Dean Sittig, Ph.D., a leading expert on clinical decision support tools, and Ryan Radecki, MD, argue that if particular features were added to inpatient EHRs, hospitals would more easily be able to achieve the Joint Commission's safety goals. This year, the NPSG priorities for hospital quality improvement initiatives include patient identification, staff communication, medication labeling, infection control practices, medication reconciliation and interactions, and mitigation of suicide risks.
The commentary points out that both the Joint Commission and the Centers for Medicare and Medicaid Services (CMS) are pushing the safety agenda very hard right now. CMS recently announced its $1 billion Partnership for Patients safety program, designed to reduce hospital-acquired conditions and readmissions.
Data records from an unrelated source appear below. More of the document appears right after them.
(* Let $(X,\mathcal B,\mu)$ be a probability space and $G$ an lcsc Abelian group with a translation-invariant metric $d$. Let $\varphi_n,\psi_n\colon X\to G$ be measurable maps taking values in a compact set $C\subset G$, with each $\psi_n$ taking values in a fixed finite set $F\subset C$. Assume that, weakly, $(\varphi_n)_*\mu\to\nu$, $(\psi_n)_*\mu\to\kappa$ and $(\varphi_n+\psi_n)_*\mu\to\rho$. Then for each $h_0\in\operatorname{supp}\kappa$ there exists $g_0\in\operatorname{supp}\nu$ with $h_0+g_0\in\operatorname{supp}\rho$; and for each $g_0\in\operatorname{supp}\nu$ there exists $h_0\in\operatorname{supp}\kappa$ with $h_0+g_0\in\operatorname{supp}\rho$. *)

theory Defs
  imports "HOL-Probability.Probability"
begin

definition weak_conv_seq :: "(nat \<Rightarrow> 'a::topological_space measure) \<Rightarrow> 'a measure \<Rightarrow> bool" where
  "weak_conv_seq \<mu>s \<mu> \<longleftrightarrow>
     (\<forall>f :: 'a \<Rightarrow> real. continuous_on UNIV f \<and> bounded (range f) \<longrightarrow>
        (\<lambda>n. integral\<^sup>L (\<mu>s n) f) \<longlonglongrightarrow> integral\<^sup>L \<mu> f)"

definition measure_supp :: "'a::topological_space measure \<Rightarrow> 'a set" where
  "measure_supp \<nu> = {x. \<forall>U. open U \<and> x \<in> U \<longrightarrow> emeasure \<nu> U > 0}"

end

theory Submission imports Defs begin

text \<open>For weak limits of distributions, a point lies in the support of the limit exactly when the
  probability that the random variables come close to it does not tend to zero; this follows by
  testing weak convergence against a continuous bump at the point. For \<open>h\<^sub>0\<close> in the support of
  \<open>\<kappa>\<close>, the events \<open>\<psi>\<^sub>n = h\<^sub>0\<close> (which is isolated in \<open>F\<close>) do not have vanishing probability; covering the
  compact \<open>C\<close> by finitely many small balls, some ball around a point \<open>g\<^sub>0\<close> keeps non-vanishing
  probability jointly with \<open>\<psi>\<^sub>n = h\<^sub>0\<close> at every scale. Such a joint concentration forces
  \<open>g\<^sub>0 \<in> supp \<nu>\<close>, \<open>h\<^sub>0 \<in> supp \<kappa>\<close> and, by translation invariance, \<open>h\<^sub>0 + g\<^sub>0 \<in> supp \<rho>\<close>. The other
  direction is symmetric, with the finite set \<open>F\<close> in place of the compact \<open>C\<close>.\<close>

definition bump :: "'a::metric_space \<Rightarrow> real \<Rightarrow> 'a \<Rightarrow> real" where
  "bump x r y = min 1 (max 0 (2 - (2 / r) * dist y x))"

lemma continuous_on_bump: "continuous_on UNIV (bump x r)"
  unfolding bump_def by (intro continuous_intros)

lemma bump_nonneg: "0 \<le> bump x r y" and bump_le_1: "bump x r y \<le> 1"
  unfolding bump_def by auto

lemma bounded_range_bump: "bounded (range (bump x r))"
  unfolding bounded_iff using bump_nonneg bump_le_1 by (metis abs_of_nonneg rangeE real_norm_def)

lemma bump_between_indicators:
  assumes "r > 0"
  shows "indicator (ball x (r/2)) y \<le> bump x r y" "bump x r y \<le> indicator (ball x r) y"
  using assms bump_nonneg[of x r y] bump_le_1[of x r y]
  by (auto simp: bump_def indicator_def dist_commute field_simps)

lemma integral_bump_bounds:
  assumes "prob_space N" "sets N = sets borel" "r > 0"
  shows "measure N (ball x (r/2)) \<le> integral\<^sup>L N (bump x r)"
    and "integral\<^sup>L N (bump x r) \<le> measure N (ball x r)"
proof -
  interpret prob_space N by fact
  have space: "space N = UNIV" using sets_eq_imp_space_eq[OF assms(2)] by simp
  have int_bump: "integrable N (bump x r)"
  proof (rule integrable_const_bound[where B=1])
    show "AE y in N. norm (bump x r y) \<le> 1" by (simp add: bump_nonneg bump_le_1)
    show "bump x r \<in> borel_measurable N"
      using borel_measurable_continuous_onI[OF continuous_on_bump]
      by (simp add: measurable_cong_sets[OF assms(2) refl])
  qed
  have int_ball: "integrable N (indicator (ball x s) :: _ \<Rightarrow> real)" for s
    using assms(2) by (simp add: less_top[symmetric])
  have "integral\<^sup>L N (indicator (ball x (r/2))) \<le> integral\<^sup>L N (bump x r)"
    by (rule integral_mono[OF int_ball int_bump]) (use bump_between_indicators assms(3) in blast)
  then show "measure N (ball x (r/2)) \<le> integral\<^sup>L N (bump x r)"
    by (simp add: space)
  have "integral\<^sup>L N (bump x r) \<le> integral\<^sup>L N (indicator (ball x r))"
    by (rule integral_mono[OF int_bump int_ball]) (use bump_between_indicators assms(3) in blast)
  then show "integral\<^sup>L N (bump x r) \<le> measure N (ball x r)"
    by (simp add: space)
qed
Sittig and Radecki have some very specific recommendations for how to use clinical decision support (CDS) to achieve the 2011 NPSGs. Here are some of them:
Patient identification. EHRs should require clinicians to enter a patient's initials or their date of birth before order completion, because doctors frequently fail to adequately confirm a patient's identity before they sign orders. In addition, bar-code medication administration (BCMA) systems should be used in hospital pharmacies and at the point of care to ensure that patients receive the proper medications or blood products.
Staff communication. Current EHRs include automatic alerts to ensure that abnormal test results are brought to physicians' attention right away. But the authors say that isn't enough because of interruptions and "alert fatigue." They suggest requiring clinicians to acknowledge these alerts within a certain time frame.
Safe use of medications. The application of "contextual CDS" within computerized physician order entry, along with BCMA, can help assure that the right patient gets the right dose of the right medication at the right time. In addition, the authors caution that all of these tools must fit into clinical workflow, or they'll be ignored.
Infection prevention. EHRs can be used both to reduce overall infection rates and to track the spread of multi-drug-resistant organisms. Checklists can also be helpful in improving compliance with infection control behavior, Sittig and Radecki note. Interestingly, they don't mention infection surveillance software.
Medication reconciliation. The use of EHRs to reduce the risk from duplicate medications and drug interactions is the best example of how the NPSGs might be aligned with Meaningful Use, the authors say. But systems must be interoperable to help clinicians compile meaningful, up-to-date medication lists.
Suicide risk. EHRs offer several possibilities for identifying patients at risk of suicide, including checklists and routine screening for depression.
The authors caution that, even if EHRs contain the recommended features, the incorporation of these components into clinical workflow and the proper training of clinicians are essential to improve patient safety.
EHR vendors support Sittig and Radecki's concept. "The essence of what they're talking about is where most progressive EHRs are headed today," said Charlie Jarvis, vice president of healthcare services and government relations for NextGen, and vice chair of the EHR Association.
The EHR Association also has no objections to including safety features in MU and EHR certification criteria, Jarvis said. "Once you agree on a program [of safety enhancements], that's the logical way to go. We need a standard mechanism for comparing products. As stage 1 of Meaningful Use has shown, Meaningful Use is a good mechanism, so we should go in that direction."
But EHRs should not be overloaded with features that make them difficult to use, he added. "We have to review these things in a detailed way and make sure that we're not boiling the ocean to get at a little bit of seaweed."